The terrain works by generating all of the visible geometry in real-time. The only data of the terrain that exists is really the heightmap. What happens is that a patch with a grid is rendered many times, each time rendering a different part of the heightmap. So if the patch size is 32 and the heihtmap is 64×64 then it takes 4 patches to render the terrain.
However, In order to support really large terrain, patches that are far away from the camera cover a larger piece of the heightmap. So for example if the heightmap is 1024×1024 and the patch size is 32, then only the patches nearest the camera will have a 1:1 correspondence with the height map (a 32×32 patch renders 32×32 heightmap pixels).

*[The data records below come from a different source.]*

lemma zigzag_step_shift:
  assumes "t \<in> flags"
  shows "fst (zigzag_step t) = fst (snd t)" and "fst (snd (zigzag_step t)) = snd (snd t)"
  using assms by (cases t; simp)+

lemma zigzags_eq_orbits: "zigzags T = orbit zigzag_step ` flags"
proof (intro equalityI subsetI)
  fix Z assume "Z \<in> zigzags T"
  then obtain s where s: "zigzag_seq T s" and Z: "Z = zigzag_of s"
    unfolding zigzags_def by blast
  have step: "zigzag_step (triple_at s n) = triple_at s (Suc n)" and flag: "triple_at s n \<in> flags" for n
    using s unfolding zigzag_seq_iff by simp_all
  have "triple_at s n = (zigzag_step ^^ n) (triple_at s 0)" for n
    by (induction n) (simp_all flip: step)
  then have "triple_at s = (\<lambda>n. (zigzag_step ^^ n) (triple_at s 0))"
    by (rule ext)
  then have "Z = orbit zigzag_step (triple_at s 0)"
    unfolding Z zigzag_of_eq_range orbit_zigzag_step by (rule arg_cong[where f = range])
  then show "Z \<in> orbit zigzag_step ` flags"
    using flag[of 0] by blast
next
  fix Z assume "Z \<in> orbit zigzag_step ` flags"
  then obtain t where t: "t \<in> flags" and Z: "Z = orbit zigzag_step t"
    by blast
  define s where "s n = fst ((zigzag_step ^^ n) t)" for n
  have triple: "triple_at s n = (zigzag_step ^^ n) t" for n
    using funpow_zigzag_step_in_flags[OF t, of n] funpow_zigzag_step_in_flags[OF t, of "Suc n"]
    by (simp add: triple_at_def s_def zigzag_step_shift)
  then have "zigzag_seq T s"
    unfolding zigzag_seq_iff using funpow_zigzag_step_in_flags[OF t] by simp
  moreover have "Z = zigzag_of s"
  proof -
    have "triple_at s = (\<lambda>n. (zigzag_step ^^ n) t)"
      using triple by (rule ext)
    then show ?thesis
      unfolding Z zigzag_of_eq_range orbit_zigzag_step by (rule arg_cong[where f = range, symmetric])
  qed
  ultimately show "Z \<in> zigzags T"
    unfolding zigzags_def by blast
qed

lemma zigzag_subset_flags: "Z \<in> zigzags T \<Longrightarrow> Z \<subseteq> flags"
  unfolding zigzags_eq_orbits using permutes_orbit_subset[OF zigzag_step_permutes] by blast

lemma finite_zigzags: "finite (zigzags T)"
  unfolding zigzags_eq_orbits using finite_flags by simp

Patches a bit further away (determined by an algorithm) will be covering a 64×64 heightmap, even further away 128×128, and so on.

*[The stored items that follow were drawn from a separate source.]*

lemma lattice_propagator_integral:
  assumes m: "m > 0" and \<epsilon>: "\<epsilon> > 0"
  shows "A1t (\<epsilon> * of_int k) (\<epsilon> * of_int n) m \<epsilon> = (if n < 0 \<and> even (k + n + 1) then -1 else 1) *
      (\<i> * complex_of_real (m * \<epsilon>\<^sup>2 / (2 * pi))) * integral {- pi / \<epsilon> .. pi / \<epsilon>}
        (\<lambda>p. exp (\<i> * complex_of_real (p * (\<epsilon> * of_int k) - omega m \<epsilon> p * (\<epsilon> * of_int n)))
           / complex_of_real (sqrt (m\<^sup>2 * \<epsilon>\<^sup>2 + (sin (p * \<epsilon>))\<^sup>2)))" (is ?A1)
    and "A2t (\<epsilon> * of_int k) (\<epsilon> * of_int n) m \<epsilon> = (if n < 0 \<and> even (k + n) then -1 else 1) *
      complex_of_real (\<epsilon> / (2 * pi)) * integral {- pi / \<epsilon> .. pi / \<epsilon>}
        (\<lambda>p. complex_of_real (1 + sin (p * \<epsilon>) / sqrt (m\<^sup>2 * \<epsilon>\<^sup>2 + (sin (p * \<epsilon>))\<^sup>2))
           * exp (\<i> * complex_of_real (p * (\<epsilon> * of_int k) - omega m \<epsilon> p * (\<epsilon> * of_int n))))" (is ?A2)
proof -
  define \<mu> where "\<mu> = m * \<epsilon>"
  have \<mu>: "\<mu> > 0"
    using m \<epsilon> by (simp add: \<mu>_def)
  define F1 F2 where
    "F1 q = cis (q * of_int k - free_frequency \<mu> q * of_int n) / dispersion_norm \<mu> q" and
    "F2 q = (1 + sin q / dispersion_norm \<mu> q) * cis (q * of_int k - free_frequency \<mu> q * of_int n)" for q
  have "dispersion_norm \<mu> q \<noteq> 0" for q
    using dispersion_norm_pos[OF \<mu>] by (simp add: less_imp_neq[symmetric])
  then have cont: "continuous_on {-pi..pi} F1" "continuous_on {-pi..pi} F2"
    unfolding F1_def[abs_def] F2_def[abs_def]
    by (auto intro!: continuous_intros continuous_on_free_frequency simp: dispersion_norm_def)
  have "omega m \<epsilon> p * (\<epsilon> * of_int n) = free_frequency \<mu> (p * \<epsilon>) * of_int n" for p
    using omega_eq_free_frequency[of \<epsilon> m p] \<epsilon> by (simp add: \<mu>_def mult.assoc[symmetric])
  then have phase: "p * (\<epsilon> * of_int k) - omega m \<epsilon> p * (\<epsilon> * of_int n)
      = p * \<epsilon> * of_int k - free_frequency \<mu> (p * \<epsilon>) * of_int n" for p
    by (simp add: mult.assoc)
  have norm: "sqrt (m\<^sup>2 * \<epsilon>\<^sup>2 + (sin (p * \<epsilon>))\<^sup>2) = dispersion_norm \<mu> (p * \<epsilon>)" for p
    by (simp add: \<mu>_def dispersion_norm_def power_mult_distrib)
  have integrands:
    "(\<lambda>p. exp (\<i> * complex_of_real (p * (\<epsilon> * of_int k) - omega m \<epsilon> p * (\<epsilon> * of_int n)))
       / complex_of_real (sqrt (m\<^sup>2 * \<epsilon>\<^sup>2 + (sin (p * \<epsilon>))\<^sup>2))) = (\<lambda>p. F1 (p * \<epsilon>))"
    "(\<lambda>p. complex_of_real (1 + sin (p * \<epsilon>) / sqrt (m\<^sup>2 * \<epsilon>\<^sup>2 + (sin (p * \<epsilon>))\<^sup>2))
       * exp (\<i> * complex_of_real (p * (\<epsilon> * of_int k) - omega m \<epsilon> p * (\<epsilon> * of_int n)))) = (\<lambda>p. F2 (p * \<epsilon>))"
    unfolding phase norm by (simp_all add: F1_def F2_def cis_conv_exp)
  show ?A1 ?A2
    unfolding lattice_propagator_fourier_coeff[OF m \<epsilon>] integrands integral_rescale[OF \<epsilon> cont(1)]
      integral_rescale[OF \<epsilon> cont(2)] fourier_coeff_checkers_green_free[OF \<mu>[unfolded \<mu>_def]]
      fourier_coeff_free_kernel
    unfolding F1_def[abs_def] F2_def[abs_def] \<mu>_def
    using \<epsilon> by (simp_all add: power2_eq_square field_simps)
qed

lemma sgnA_lattice_point:
  assumes "\<epsilon> > 0"
  shows "sgnA j (\<epsilon> * of_int k) (\<epsilon> * of_int n) \<epsilon> = (if n < 0 \<and> even (k + n + int j) then -1 else 1)"
proof -
  have "(\<epsilon> * of_int k + \<epsilon> * of_int n) / \<epsilon> + real j = of_int (k + n + int j)"
    using assms by (simp add: field_simps)
  moreover have "\<epsilon> * of_int n < 0 \<longleftrightarrow> n < 0"
    using assms by (simp add: mult_less_0_iff)
  ultimately show ?thesis
    unfolding sgnA_def by (simp only: even_real_of_int)
qed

For a more detailed run-down of the system check here here.

Patch Size

As noted above patch size plays an important role in how how the terrain is divided up. There is no simple rule on what path size to used (unless textures are taken into account, see below). One rule is that the larger the patch the longer distance it will be until a the lower resolution ratios (like a 32×32 patch covering 64×64 pixels) are used. So of the there are very visible popping in the geometry, then it might be worth to increase the patch size. Very often though, patch size should be determined early in a project and all maps should share the same size.

Texturing

How it works

Texturing works by rendering the textures needed on the fly. This includes the blend layers, a color multiplier and decals (and possibly other things in the future). There is a number of cache textures in the engine and the engine renders textures for all visible patches to these. Just like with the geometry, patches nearby get highly detailed, while patches further a way gets less details. How this works is that each cache texture renders a texture that is to cover single, four, eight, etc geometry patches, depending on the texture patch size.
Because all the cache textures are not updated very often, it is possible to cram in a lot of processing in their creation. Because of this, you can have a lot of decals and blend layers than you would have in a system that rendered these directly. There is still cost, and if the data gets too heavy there might be sudden lags when the textures are recalculated, but generally you do not have to worry about having lots of decals and the like.
The size of the largest texture is 2048×2048.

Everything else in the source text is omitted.